Context: Bug tracking application for products

CREATE TABLE Products ( product_id SERIAL PRIMARY KEY, ... account_id BIGINT UNSIGNED, -- many-to-one relationship FOREIGN KEY (account_id) REFERENCES Accounts(account_id) ); Your original design allowed only one user to be the contact for each product. Next, you were requested to support assigning multiple users. Simple, change the database to store a list of user account identifiers separated by commas.

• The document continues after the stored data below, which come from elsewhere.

(* Let $\mathbb F=(\mathcal F_t)_{t\ge0}$ be a filtration and $\mathbb T=\{t_0,t_1,\dots,t_n\}$ with $0=t_0<t_1<\dots<t_n=\infty$ such that $\mathcal F_t=\mathcal F_{t_{i(t)}}$ for all $t\ge0$, where $i(t)=\max\{i:t_i\le t\}$. Let $\tau$ be an $(\mathbb F,\mathbb T)$-stopping time, let $\gamma>0$, and define $U_t=e^{-\gamma t}\mathbf 1_{\{t<\tau\}}$. Then there exists a proper solution $W$ associated to $(h_{EZ},U,\mathbb F)$ such that $$W_t\ge\Big(\frac{1}{\gamma\theta}\mathbb E\big[e^{-\gamma t}-e^{-\gamma(t\vee\tau)}\,\big|\,\mathcal F_t\big]\Big)^\theta\quad\text{for all }t\ge0.$$
   Context: Let $(\Omega,\mathcal F,\mathbb P)$ be a probability space. $\theta>1$ is fixed and $\rho=\frac{\theta-1}{\theta}$; $h_{EZ}(u,w)=uw^\rho$. An $(\mathbb F,\mathbb T)$-stopping time is an $\mathbb F$-stopping time $\tau$ that can be written as $\tau=\sum_{i=0}^n t_i\mathbf 1_{A_i}$ for disjoint sets $A_0,\dots,A_n$ with $A_i\in\mathcal F_{t_i}$ and $\mathbb P(\bigcup_iA_i)=1$. For a nonnegative $\mathbb F$-progressively measurable $U$, a solution associated to $(h_{EZ},U,\mathbb F)$ is a nonnegative càdlàg $\mathbb F$-progressively measurable $W$ with $\mathbb E\int_0^\infty U_sW_s^\rho ds<\infty$ and $W_t=\mathbb E[\int_t^\infty U_sW_s^\rho ds\mid\mathcal F_t]$ for all $t\ge0$; it is proper if for every $t\ge0$, up to null sets, $W_t>0$ on $\{\mathbb E[\int_t^\infty U_s^\theta ds\mid\mathcal F_t]>0\}$. *)

theory Defs
  imports "HOL-Probability.Probability"
begin

definition filtration_on :: "'a measure \<Rightarrow> (real \<Rightarrow> 'a measure) \<Rightarrow> bool" where
  "filtration_on M F \<longleftrightarrow>
     (\<forall>t\<ge>0. subalgebra M (F t)) \<and> (\<forall>s t. 0 \<le> s \<longrightarrow> s \<le> t \<longrightarrow> sets (F s) \<subseteq> sets (F t))"

definition prog_measurable :: "'a measure \<Rightarrow> (real \<Rightarrow> 'a measure) \<Rightarrow> (real \<Rightarrow> 'a \<Rightarrow> real) \<Rightarrow> bool" where
  "prog_measurable M F X \<longleftrightarrow>
     (\<forall>t\<ge>0. (\<lambda>(s, x). X s x) \<in> borel_measurable (restrict_space borel {0..t} \<Otimes>\<^sub>M F t))"

definition cadlag_on :: "'a measure \<Rightarrow> (real \<Rightarrow> 'a \<Rightarrow> real) \<Rightarrow> bool" where
  "cadlag_on M X \<longleftrightarrow>
     (\<forall>x\<in>space M. \<forall>t\<ge>0. continuous (at_right t) (\<lambda>s. X s x) \<and>
        (0 < t \<longrightarrow> (\<exists>l. ((\<lambda>s. X s x) \<longlongrightarrow> l) (at_left t))))"

definition h_EZ :: "real \<Rightarrow> real \<Rightarrow> real \<Rightarrow> real" where
  "h_EZ \<theta> u w = u * w powr ((\<theta> - 1) / \<theta>)"

definition EZ_solution ::
  "'a measure \<Rightarrow> (real \<Rightarrow> 'a measure) \<Rightarrow> real \<Rightarrow> (real \<Rightarrow> 'a \<Rightarrow> real) \<Rightarrow> (real \<Rightarrow> 'a \<Rightarrow> real) \<Rightarrow> bool" where
  "EZ_solution M F \<theta> U W \<longleftrightarrow>
     (\<forall>t\<ge>0. \<forall>x\<in>space M. 0 \<le> W t x) \<and> cadlag_on M W \<and> prog_measurable M F W \<and>
     (\<integral>\<^sup>+ x. (\<integral>\<^sup>+ s. ennreal (indicator {0..} s * h_EZ \<theta> (U s x) (W s x)) \<partial>lborel) \<partial>M) < \<infinity> \<and>
     (\<forall>t\<ge>0. AE x in M. ennreal (W t x) =
        nn_cond_exp M (F t) (\<lambda>y. \<integral>\<^sup>+ s. ennreal (indicator {t..} s * h_EZ \<theta> (U s y) (W s y)) \<partial>lborel) x)"

definition proper_EZ_solution ::
  "'a measure \<Rightarrow> (real \<Rightarrow> 'a measure) \<Rightarrow> real \<Rightarrow> (real \<Rightarrow> 'a \<Rightarrow> real) \<Rightarrow> (real \<Rightarrow> 'a \<Rightarrow> real) \<Rightarrow> bool" where
  "proper_EZ_solution M F \<theta> U W \<longleftrightarrow> EZ_solution M F \<theta> U W \<and>
     (\<forall>t\<ge>0. AE x in M.
        0 < nn_cond_exp M (F t) (\<lambda>y. \<integral>\<^sup>+ s. ennreal (indicator {t..} s * U s y powr \<theta>) \<partial>lborel) x
        \<longrightarrow> 0 < W t x)"

text \<open>(F,T)-stopping time, T = {tt 0, ..., tt n} with tt n = \<infinity>; values in [0,\<infinity>].
  tau = sum_i tt i * 1_{A i}: tau = tt i on A i, tau = 0 off the union of the A i.\<close>
definition FT_stopping_time ::
  "'a measure \<Rightarrow> (real \<Rightarrow> 'a measure) \<Rightarrow> (nat \<Rightarrow> ereal) \<Rightarrow> nat \<Rightarrow> ('a \<Rightarrow> ereal) \<Rightarrow> bool" where
  "FT_stopping_time M F tt n \<tau> \<longleftrightarrow>
     (\<forall>t\<ge>0. {x \<in> space M. \<tau> x \<le> ereal t} \<in> sets (F t)) \<and>
     (\<exists>A :: nat \<Rightarrow> 'a set.
        (\<forall>i<n. A i \<in> sets (F (real_of_ereal (tt i)))) \<and> A n \<in> sets M \<and>
        disjoint_family_on A {0..n} \<and>
        measure M (\<Union>i\<in>{0..n}. A i) = 1 \<and>
        (\<forall>i\<le>n. \<forall>x\<in>A i \<inter> space M. \<tau> x = tt i) \<and>
        (\<forall>x\<in>space M - (\<Union>i\<in>{0..n}. A i). \<tau> x = 0))"

end

theory Submission
  imports Defs
begin

(* On each segment [t_i, t_(i+1)) of the grid the filtration is constant, so the solution can be
   written down explicitly.  With kappa = 1/(gamma theta),
     W_t^(1/theta) = c_i^(1/theta) + kappa (e^(-gamma t) - e^(-gamma t_(i+1))) 1_(tau > t_i),
   where the F_(t_i)-measurable continuation value c_i = E[W_(t_(i+1)) | F_(t_i)] is computed
   backwards from c_(n-1) = 0.  On the segment U_s W_s^rho is the derivative of -W_s, so the
   utility collected from t up to t_(i+1) is W_t - c_i and the recursive equation follows from
   the tower property; W_t > 0 exactly where tau > t_i, which gives properness.
   The lower bound splits in the same way into the segment term and
   kappa E[e^(-gamma t_(i+1)) - e^(-gamma (t_(i+1) max tau)) | F_(t_i)], which is at most
   c_i^(1/theta) by backward induction and Jensen's inequality for x^theta. *)

section \<open>Real analysis\<close>

definition discount :: "real \<Rightarrow> ereal \<Rightarrow> real" where
  "discount \<gamma> T = (case T of ereal y \<Rightarrow> exp (- \<gamma> * y) | _ \<Rightarrow> 0)"

lemma discount_nonneg: "0 \<le> discount \<gamma> T"
  unfolding discount_def by (cases T) auto

lemma discount_le_exp: "0 < \<gamma> \<Longrightarrow> ereal s \<le> T \<Longrightarrow> discount \<gamma> T \<le> exp (- \<gamma> * s)"
  unfolding discount_def by (cases T) auto

lemma discount_less_exp: "0 < \<gamma> \<Longrightarrow> ereal s < T \<Longrightarrow> discount \<gamma> T < exp (- \<gamma> * s)"
  unfolding discount_def by (cases T) auto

Antipattern: Comma separated list values

CREATE TABLE Products ( product_id SERIAL PRIMARY KEY, product_name VARCHAR(1000), account_id VARCHAR(100), -- comma-separated list ); SELECT * FROM Products WHERE account_id REGEXP '[[:<:]]12[[:>:]]'; Soon your boss approaches: "They tell me they can add five people only. If they try to add more, they get an error." Programmers commonly use comma-separated lists to avoid creating an intersection table for a many-to-many relationship. Pattern-matching expressions may return false matches and can’t benefit from indexes. You might improve performance for some kinds of queries by applying denormalization to your database organization. Be conservative if you decide to employ denormalization. Start by using a normalized database organization.

Solution: Intersection table

CREATE TABLE Contacts ( product_id BIGINT UNSIGNED NOT NULL, account_id BIGINT UNSIGNED NOT NULL, PRIMARY KEY (product_id, account_id), FOREIGN KEY (product_id) REFERENCES Products(product_id), FOREIGN KEY (account_id) REFERENCES Accounts(account_id) ); SELECT p.* FROM Products AS p JOIN Contacts AS c ON (p.account_id = c.account_id) WHERE c.account_id = 34; When the table has foreign keys referencing two tables, it's called an intersection table. Some people resist queries that contain a join, thinking that they perform poorly. However, this query uses indexes much better.